Seit 1. März kreisen am Südtiroler Himmel neue Rettungshubschrauber: Rund 20 Jahre lang waren „Pelikan 1“ und „Pelikan 2“ im Gewand des Modells BK117 abgehoben. Nun wurden sie durch das Nachfolgemodell, Typ EC 145 T2, ersetzt. Laut Flugrettung Südtirol: leiser, schneller, sicherer. 

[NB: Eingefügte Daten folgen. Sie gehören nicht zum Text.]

(* Let $k\ge1$ and $c\in\mathcal{S}_k^\beta$. Then $w_{Hom}(c)=q^{sk-1}$ if $\nu(c)=s-1$; $w_{Hom}(c)=q^{sk-k-1}(q^k-1)$ if $\nu(c)<s-1$; and $w_{Hom}(c)=0$ otherwise.
   Context: Let $R$ be a finite commutative chain ring with maximal ideal $\langle\gamma\rangle$, nilpotency index $s$ and residue field $R/\langle\gamma\rangle\cong\mathbb{F}_q$. Fix coset representatives $T=\{e_0,\dots,e_{q-1}\}$ with $e_0=0,e_1=1$, ordered $e_0<\dots<e_{q-1}$; each $r\in R$ is uniquely $\sum_{i=0}^{s-1}r_i\gamma^i$, $r_i\in T$; order $R$ by $x>y$ iff $x_i>y_i$ in $T$ for the largest $i$ with $x_i\neq y_i$; list $R=\{\rho_0,\dots,\rho_{q^s-1}\}$ increasingly. $\mathbf{a}^{(m)}$ is the constant vector of length $m$. Define $G_1^\alpha=(\rho_0\ \cdots\ \rho_{q^s-1})$ and, for $k>1$, $G_k^\alpha$ as the matrix of $q^s$ column blocks, the $j$-th having first row $\boldsymbol{\rho_j}^{(q^{s(k-1)})}$ and $G_{k-1}^\alpha$ below. List $\langle\gamma\rangle$ increasingly as $a_0\gamma<\dots<a_{q^{s-1}-1}\gamma$. Define $G_1^\beta=(1)$ and, for $k>1$, $G_k^\beta$ as the matrix with column blocks: first a block with first row $\mathbf{1}^{(q^{s(k-1)})}$ and $G_{k-1}^\alpha$ below; then for each $j=0,\dots,q^{s-1}-1$ a block with first row the constant vector with entry $a_j\gamma$ and $G_{k-1}^\beta$ below. $\mathcal{S}_k^\beta$ is the $R$-submodule generated by the rows of $G_k^\beta$. Homogeneous weight: for $x\in R$, $w_{Hom}(x)=0$ if $x=0$; $(q-1)q^{s-2}$ if $x\neq0$, $x\notin\langle\gamma^{s-1}\rangle$; $q^{s-1}$ if $x\neq0$, $x\in\langle\gamma^{s-1}\rangle$; extended to vectors by summing over coordinates. Valuation: for $x\in R\setminus\{0\}$, $\nu(x)$ is the largest $m$ with $x=\gamma^m\beta$, $\beta$ a unit; $\nu(0)=\infty$; for $x\in R^n$, $\nu(x)=\min_i\nu(x_i)$. *)

theory Defs
  imports Main "HOL-Library.Extended_Nat"
begin

definition is_ideal :: "'a::comm_ring_1 set \<Rightarrow> bool" where
  "is_ideal I \<longleftrightarrow> 0 \<in> I \<and> (\<forall>x\<in>I. \<forall>y\<in>I. x + y \<in> I) \<and> (\<forall>r. \<forall>x\<in>I. r * x \<in> I)"

definition principal_ideal :: "'a::comm_ring_1 \<Rightarrow> 'a set" where
  "principal_ideal g = {g * x | x. True}"

definition is_maximal_ideal :: "'a::comm_ring_1 set \<Rightarrow> bool" where
  "is_maximal_ideal I \<longleftrightarrow> is_ideal I \<and> I \<noteq> UNIV \<and>
     (\<forall>J. is_ideal J \<longrightarrow> I \<subseteq> J \<longrightarrow> J = I \<or> J = UNIV)"

definition chain_ring :: "'a::comm_ring_1 itself \<Rightarrow> bool" where
  "chain_ring _ \<longleftrightarrow> (0::'a) \<noteq> 1 \<and>
     (\<forall>I J :: 'a set. is_ideal I \<longrightarrow> is_ideal J \<longrightarrow> I \<subseteq> J \<or> J \<subseteq> I)"

definition nilpotency_index :: "'a::comm_ring_1 \<Rightarrow> nat \<Rightarrow> bool" where
  "nilpotency_index g s \<longleftrightarrow> g ^ s = 0 \<and> (\<forall>m<s. g ^ m \<noteq> 0)"

text \<open>T = [e_0,...,e_{q-1}] is a list of coset representatives of R/<gamma>,
  e_0 = 0, e_1 = 1, the order on T being the list order.\<close>
definition coset_reps :: "'a::comm_ring_1 list \<Rightarrow> 'a \<Rightarrow> bool" where
  "coset_reps T g \<longleftrightarrow> length T \<ge> 2 \<and> T ! 0 = 0 \<and> T ! 1 = 1 \<and>
     (\<forall>x. \<exists>!i. i < length T \<and> x - T ! i \<in> principal_ideal g)"

text \<open>Since the order on R is lexicographic from the highest gamma-adic digit, this is the
  j-th element of R in increasing order (j < q^s).\<close>
definition rho :: "'a::comm_ring_1 list \<Rightarrow> 'a \<Rightarrow> nat \<Rightarrow> nat \<Rightarrow> 'a" where
  "rho T g s j = (\<Sum>i<s. T ! ((j div length T ^ i) mod length T) * g ^ i)"

text \<open>The j-th element a_j gamma of <gamma> in increasing order (those with zero 0-th digit).\<close>
definition gel :: "'a::comm_ring_1 list \<Rightarrow> 'a \<Rightarrow> nat \<Rightarrow> nat \<Rightarrow> 'a" where
  "gel T g s j = rho T g s (j * length T)"

section \<open>Generator matrices, represented as lists of columns (top entry first)\<close>

fun alpha_cols :: "'a::comm_ring_1 list \<Rightarrow> 'a \<Rightarrow> nat \<Rightarrow> nat \<Rightarrow> 'a list list" where
  "alpha_cols T g s 0 = []"
| "alpha_cols T g s (Suc 0) = map (\<lambda>j. [rho T g s j]) [0..<length T ^ s]"
| "alpha_cols T g s (Suc (Suc k)) =
     concat (map (\<lambda>j. map (\<lambda>col. rho T g s j # col) (alpha_cols T g s (Suc k))) [0..<length T ^ s])"

fun beta_cols :: "'a::comm_ring_1 list \<Rightarrow> 'a \<Rightarrow> nat \<Rightarrow> nat \<Rightarrow> 'a list list" where
  "beta_cols T g s 0 = []"
| "beta_cols T g s (Suc 0) = [[1]]"
| "beta_cols T g s (Suc (Suc k)) =
     map (\<lambda>col. 1 # col) (alpha_cols T g s (Suc k)) @
     concat (map (\<lambda>j. map (\<lambda>col. gel T g s j # col) (beta_cols T g s (Suc k))) [0..<length T ^ (s - 1)])"

definition S_beta :: "'a::comm_ring_1 list \<Rightarrow> 'a \<Rightarrow> nat \<Rightarrow> nat \<Rightarrow> 'a list set" where
  "S_beta T g s k = {map (\<lambda>col. \<Sum>i<k. x i * col ! i) (beta_cols T g s k) | x :: nat \<Rightarrow> 'a. True}"

definition hom_weight :: "nat \<Rightarrow> 'a::comm_ring_1 \<Rightarrow> nat \<Rightarrow> 'a \<Rightarrow> nat" where
  "hom_weight q g s x =
     (if x = 0 then 0
      else if x \<notin> principal_ideal (g ^ (s - 1)) then (q - 1) * q ^ (s - 2)
      else q ^ (s - 1))"

definition hom_weight_vec :: "nat \<Rightarrow> 'a::comm_ring_1 \<Rightarrow> nat \<Rightarrow> 'a list \<Rightarrow> nat" where
  "hom_weight_vec q g s c = sum_list (map (hom_weight q g s) c)"

definition val :: "'a::comm_ring_1 \<Rightarrow> 'a \<Rightarrow> enat" where
  "val g x = (if x = 0 then \<infinity> else enat (GREATEST m. \<exists>b. b dvd 1 \<and> x = g ^ m * b))"

definition val_vec :: "'a::comm_ring_1 \<Rightarrow> 'a list \<Rightarrow> enat" where
  "val_vec g c = Min (set (map (val g) c))"

end

theory Submission imports Defs begin

text \<open>Write a codeword as c = x G_k^beta. Factoring out the largest power of gamma dividing
  every coefficient gives x = gamma^t x' with some x'_i a unit, and nu(c) = t because G_k^beta
  contains the unit columns. Up to unit multiples, the columns of G_k^beta run once through the
  vectors of R^k that have a unit entry (those of G_k^alpha run through all of R^k). As w_Hom is
  invariant under units, |R^*| w_Hom(c) is therefore the sum of w_Hom(gamma^t (x'.v)) over all
  v in R^k minus the same sum over v in <gamma>^k. For an ideal I the linear form v -> x'.v maps
  I^k onto I with fibres of equal size, which reduces both sums to sums of w_Hom(gamma^t a) over
  a in R and over a in <gamma>; these follow from |<gamma^j>| = q^(s-j).\<close>

section \<open>Ideals, vectors and linear forms\<close>

lemma principal_ideal_iff: "x \<in> principal_ideal y \<longleftrightarrow> (\<exists>z. x = y * z)"
  unfolding principal_ideal_def by auto

lemma principal_ideal_1 [simp]: "principal_ideal 1 = UNIV"
  by (auto simp: principal_ideal_def)

lemma is_ideal_principal_ideal: "is_ideal (principal_ideal y)"
  unfolding is_ideal_def
proof (intro conjI ballI allI)
  show "0 \<in> principal_ideal y"
    unfolding principal_ideal_iff by (rule exI[of _ 0]) simp
next
  fix a b assume "a \<in> principal_ideal y" "b \<in> principal_ideal y"
  then show "a + b \<in> principal_ideal y"
    unfolding principal_ideal_iff by (metis distrib_left)
next
  fix r a assume "a \<in> principal_ideal y"
  then show "r * a \<in> principal_ideal y"
    unfolding principal_ideal_iff by (metis mult.left_commute)
qed

lemma is_ideal_add: "is_ideal I \<Longrightarrow> x \<in> I \<Longrightarrow> y \<in> I \<Longrightarrow> x + y \<in> I"
  unfolding is_ideal_def by blast

lemma is_ideal_mult: "is_ideal I \<Longrightarrow> x \<in> I \<Longrightarrow> r * x \<in> I"
  unfolding is_ideal_def by blast

lemma is_ideal_diff:
  assumes "is_ideal I" "x \<in> I" "y \<in> I"
  shows "x - y \<in> I"
  using is_ideal_add[OF assms(1,2) is_ideal_mult[OF assms(1,3), of "- 1"]] by simp

lemma is_ideal_sum:
  assumes "is_ideal I" "\<And>i. i \<in> A \<Longrightarrow> f i \<in> I"
  shows "sum f A \<in> I"
  using assms(2)
proof (induction A rule: infinite_finite_induct)
  case (insert x F)
  then show ?case using is_ideal_add[OF assms(1)] by simp
qed (use assms(1) in \<open>simp_all add: is_ideal_def\<close>)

Die Maschinen nimmt das Land in "Langzeitmiete". „Wir hoffen natürlich, dass auch die neuen Hubschrauber viele Jahre ihren Dienst tun“, erklärt Fop.

„Rot und gelb sind die zugelassenen Farben“

Was die Farbe anbelangt, so erinnern die neuen Rettungsmaschinen an ihre österreichischen Kollegen. Nicht ohne Grund: „Rot und Gelb sind die von der EU zugelassenen Farben“, weiß Fop.

Ob sich am äußeren Erscheinungsbild der neuen Pelikane noch etwas ändert, lässt er weitgehend offen. Er habe zwar davon gehört, dass die Farbe abgeändert werden könnte, doch: Ob und wie die Helikopter „personalisiert“ würden, das werde wohl noch mitgeteilt.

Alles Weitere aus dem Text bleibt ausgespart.